Detailed comparison of two popular variant calling packages for exome and targeted exon studies
- Published
- Accepted
- Subject Areas
- Bioinformatics, Genomics
- Keywords
- Variant Calling, Exome, Targeted Sequencing, GATK, VarScan, SNP, small indel
- Copyright
- © 2014 Warden et al.
- Licence
- This is an open access article distributed under the terms of the Creative Commons Attribution License, which permits unrestricted use, distribution, reproduction and adaptation in any medium and for any purpose provided that it is properly attributed. For attribution, the original author(s), title, publication source (PeerJ PrePrints) and either DOI or URL of the article must be cited.
- Cite this article
- 2014. Detailed comparison of two popular variant calling packages for exome and targeted exon studies. PeerJ PrePrints 2:e403v2 https://doi.org/10.7287/peerj.preprints.403v2
Abstract
The Genome Analysis Toolkit (GATK) is often considered to be the “gold standard” for variant calling of single nucleotide polymorphisms (SNPs) and small insertions and deletions (indels) from short-read sequencing data aligned against a reference genome. There have been a number of variant calling comparisons against GATK, but an adequate comparison against VarScan may have not yet been performed. More specifically, we compared four lists of variants called by GATK (using the UnifiedGenotyper and the HaplotypeCaller algorithms, with and without filtering low quality variants) and three lists of variants called using VarScan (with varying sets of parameters). Variant calling was performed on three datasets (1 targeted exon dataset and 2 exome datasets), each with approximately a dozen subjects. We found that running VarScan with a conservative set of parameters (referred to as “VarScan-Cons”) resulted in a high quality gene list, with high concordance (>97%) when compared to high quality variants called by the GATK UnifiedGenotyper and HaplotypeCaller. These conservative parameters result in decreased sensitivity, but the VarScan-Cons variant list could still recover 84-88% of the high-quality GATK SNPs in the exome datasets. We also accessed the impact of pre-processing (e.g., indel realignment and quality score base recalibration using GATK). In most cases, these pre-processing steps had only a modest impact on the variant calls, but the importance of the pre-processing steps varied between datasets and variant callers. More broadly, we believe the metrics used for comparison in this study can be useful in accessing the quality of variant calls in the context of a specific experimental design. As an example, a limited number of variant calling comparisons are also performed on two additional variant callers.
Author Comment
This contains updates to Figure 6 and the text.
Supplemental Information
Figure S1 : Run Times for Variant Calling Pipelines for SRP019719
Run times for Illumina exome samples from SRP019719 (n=15, Table S3). Run-times are displayed for the entire variant calling pipeline when using both GATK indel realignment and quality score recalibration (“Full Pipeline” - purple), indel realignment only (“Realign Only” - red), quality score recalibration only (“Recalibrate Only” - green), or neither (“No Preprocess” – blue). Run times are provided for the GATK UnifiedGenotyper (“UG”), GATK HaplotypeCaller (“HC”), and VarScan using 3 sets of parameters (see Methods). “VarScan-Cons” is the most conservative set of parameters. Variant calling was performed with varying amounts of concurrent usage, which seemed to most significantly affect the GATK HaplotypeCaller when analyzing data that was subject to quality score recalibration without indel realignment. We think this is due to a set of quality scores that required non-default parameters, and we don’t think it is safe to assume this trend will necessarily apply to most other datasets (for example, this was not an issue for the 1000 Genomes exome samples).

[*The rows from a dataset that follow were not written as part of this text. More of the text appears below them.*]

lemma limit_points_I_space:
  assumes "isolated_points X \<subseteq> A" "A \<subseteq> X" "dense_enum A d"
  shows "{p \<in> I_space X d. p islimpt I_space X d} = X \<times> {0}"
proof (intro equalityI subsetI)
  fix p assume "p \<in> {p \<in> I_space X d. p islimpt I_space X d}"
  then show "p \<in> X \<times> {0}"
    by (auto elim: I_space_limit_point_cases)
next
  fix p assume "p \<in> X \<times> {0 :: real}"
  then obtain x where x: "x \<in> X" "p = (x, 0)" by blast
  have "(x, 0) islimpt I_space X d"
  proof (cases "x \<in> A")
    case True
    then show ?thesis
      using islimpt_subset[OF dense_enum_islimpt_I_tail[OF assms(3)] I_tail_subset_I_space] by blast
  next
    case False
    then have "x islimpt X" using assms(1) x(1) unfolding isolated_points_def by blast
    then have "(x, 0) islimpt X \<times> {0 :: real}"
      by (simp add: islimpt_approachable dist_Pair_Pair)
    then show ?thesis using islimpt_subset[OF _ base_subset_I_space] by blast
  qed
  then show "p \<in> {p \<in> I_space X d. p islimpt I_space X d}"
    using x unfolding I_space_def by auto
qed
(* Let $P,Q$ be probability distributions on a finite set $\mathcal{X}$, $\delta\in(0,1)$, and assume $\sum_x\min\{P(x),Q(x)\}<1-\delta$. Let $\lambda_P$ be such that $\tilde P(x) := \min\{P(x),\lambda_P Q(x)\}$ satisfies $\sum_x\tilde P(x) = 1-\delta$, and let $\lambda_Q$ be such that $\tilde Q(x) := \min\{Q(x),\tilde P(x)/\lambda_Q\}$ satisfies $\sum_x\tilde Q(x)=1-\delta$. Then $\lambda_P\ge1\ge\lambda_Q$, and for every $\alpha>1$, the pair $(P',Q') = (\tilde P/(1-\delta),\tilde Q/(1-\delta))$ attains the infimum defining the approximate Rényi divergence, i.e. $$D^\delta_\alpha(P\|Q) = D_\alpha\!\left(\tfrac{\tilde P}{1-\delta}\,\Big\|\,\tfrac{\tilde Q}{1-\delta}\right).$$ In particular the minimizing pair does not depend on $\alpha$.
   Context: For $\alpha>1$, $D_\alpha(P\|Q)=\frac{1}{\alpha-1}\log\sum_x P(x)^\alpha Q(x)^{1-\alpha}$ (infinite if $P$ is not absolutely continuous w.r.t. $Q$), and $D^\delta_\alpha(P\|Q)=\inf\{D_\alpha(P'\|Q'): P=(1-\delta)P'+\delta P'',\ Q=(1-\delta)Q'+\delta Q''\}$ over probability distributions $P',P'',Q',Q''$, equivalently over distributions $P',Q'$ with $P'\le P/(1-\delta)$ and $Q'\le Q/(1-\delta)$ pointwise. *)

theory Defs
  imports "HOL-Analysis.Analysis"
begin

definition is_dist :: "('a::finite \<Rightarrow> real) \<Rightarrow> bool" where
  "is_dist P \<longleftrightarrow> (\<forall>x. P x \<ge> 0) \<and> (\<Sum>x\<in>UNIV. P x) = 1"

definition renyi_div :: "real \<Rightarrow> ('a::finite \<Rightarrow> real) \<Rightarrow> ('a \<Rightarrow> real) \<Rightarrow> ereal" where
  "renyi_div \<alpha> P Q =
     (if (\<forall>x. Q x = 0 \<longrightarrow> P x = 0)
      then ereal (ln (\<Sum>x\<in>UNIV. P x powr \<alpha> * Q x powr (1 - \<alpha>)) / (\<alpha> - 1))
      else \<infinity>)"

definition approx_feasible :: "real \<Rightarrow> ('a::finite \<Rightarrow> real) \<Rightarrow> ('a \<Rightarrow> real)
     \<Rightarrow> ('a \<Rightarrow> real) \<Rightarrow> ('a \<Rightarrow> real) \<Rightarrow> bool" where
  "approx_feasible \<delta> P Q P' Q' \<longleftrightarrow>
     (\<exists>P'' Q''. is_dist P' \<and> is_dist P'' \<and> is_dist Q' \<and> is_dist Q'' \<and>
        (\<forall>x. P x = (1 - \<delta>) * P' x + \<delta> * P'' x) \<and>
        (\<forall>x. Q x = (1 - \<delta>) * Q' x + \<delta> * Q'' x))"

definition approx_renyi_div :: "real \<Rightarrow> real \<Rightarrow> ('a::finite \<Rightarrow> real) \<Rightarrow> ('a \<Rightarrow> real) \<Rightarrow> ereal" where
  "approx_renyi_div \<alpha> \<delta> P Q =
     (INF PQ \<in> {(P', Q'). approx_feasible \<delta> P Q P' Q'}. renyi_div \<alpha> (fst PQ) (snd PQ))"

end

theory Submission
  imports Defs
begin

text \<open>
  The objective \<Sum>x. P' x powr \<alpha> * Q' x powr (1 - \<alpha>) is a sum of the convex, positively
  homogeneous functions f(p, q) = p powr \<alpha> * q powr (1 - \<alpha>), whose tangent plane along the
  ray p = r q is \<alpha> r powr (\<alpha> - 1) p + (1 - \<alpha>) r powr \<alpha> q. The feasible pairs are the
  distributions with (1 - \<delta>) P' \<le> P and (1 - \<delta>) Q' \<le> Q. At the candidate the ratio
  r x = Ptilde x / Qtilde x lies in [lamQ, lamP]; it equals lamP wherever Ptilde x < P x, the
  only places where P' may exceed the candidate, and it equals lamQ wherever Qtilde x < Q x,
  the only places where Q' may exceed it. So the tangent slopes are maximal exactly where mass
  can be added, and since all distributions have mass 1 the linearisation at the candidate
  cannot decrease. This first-order certificate does not depend on \<alpha>.
\<close>

lemma powr_above_tangent:
  fixes a r t :: real
  assumes "a \<ge> 1" "r > 0" "t > 0"
  shows "r powr a + a * r powr (a - 1) * (t - r) \<le> t powr a"
proof -
  have "((\<lambda>x. x powr a) has_real_derivative a * r powr (a - 1)) (at r within {0<..})"
    using assms by (auto intro!: derivative_eq_intros)
  then have "a * r powr (a - 1) * (t - r) \<le> t powr a - r powr a"
    using assms by (intro convex_on_imp_above_tangent[OF powr_convex[OF assms(1)]])
      (auto simp: interior_open is_interval_connected is_interval_ci)
  then show ?thesis by simp
qed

Figure S2 : Number of Variants Called for GATK versus VarScan (SRP019719 – all chromosomes)
Number of SNPs (left) and indels (right) called for Illumina exome samples from SRP019719 (n=15). The number of variants called is displayed for four types of pre-processing: using both GATK indel realignment and quality score recalibration (“Full Pipeline” - purple), indel realignment only (“Realign Only” - red), quality score recalibration only (“Recalibrate Only” - green), or neither (“No Preprocess” – blue). Variant counts are provided for the GATK UnifiedGenotyper (“UG”), GATK HaplotypeCaller (“HC”), and VarScan using 3 sets of parameters (see Methods). UnifiedGenotyper and HaplotypeCaller variants are then divided into the set of all variants (“UG-all” and “HC-all”) and higher-quality variant calls where variants flagged as low quality have been removed (“UG-HQ” and “HC-HQ”). “VarScan-Cons” is the most conservative set of parameters for VarScan.
Figure S3 : Distribution of ANNOVAR Annotations for SNP Variants (SRP019719)
Distribution of variant types defined in the ANNOVAR exome report for Illumina exome samples from SRP019719 (n=15). Variants are classified based upon population frequency and damaging prediction (see Methods). Low frequency variants (MAF < 0.01) that are displayed in orange if they are predicted to be damaging and are displayed in green if they are not predicted to be damaging. Unknown frequency variants are displayed in red if they are predicted to be damaging and are displayed in blue if they are not predicted to be damaging. Although all samples should contain some unknown frequency variants, a high proportion of unknown frequency variants are expected to correlate with a high false positive rate (for example, ideally, you would expect fewer unknown frequency variants than low frequency variants). Seven variant calling strategies were tested (GATK UnifiedGenotyper and HaplotypeCaller, with and without filtering low quality variants; VarScan with 3 sets of parameters, see Methods). “VarScan-Cons” is the most conservative set of parameters for VarScan. Each variant caller was also tested with 4 preprocessing conditions, corresponding to the colored boxes under the bar plot: variants called using both GATK indel realignment and quality score recalibration (purple), indel realignment only (red), quality score recalibration only (green), or neither (blue).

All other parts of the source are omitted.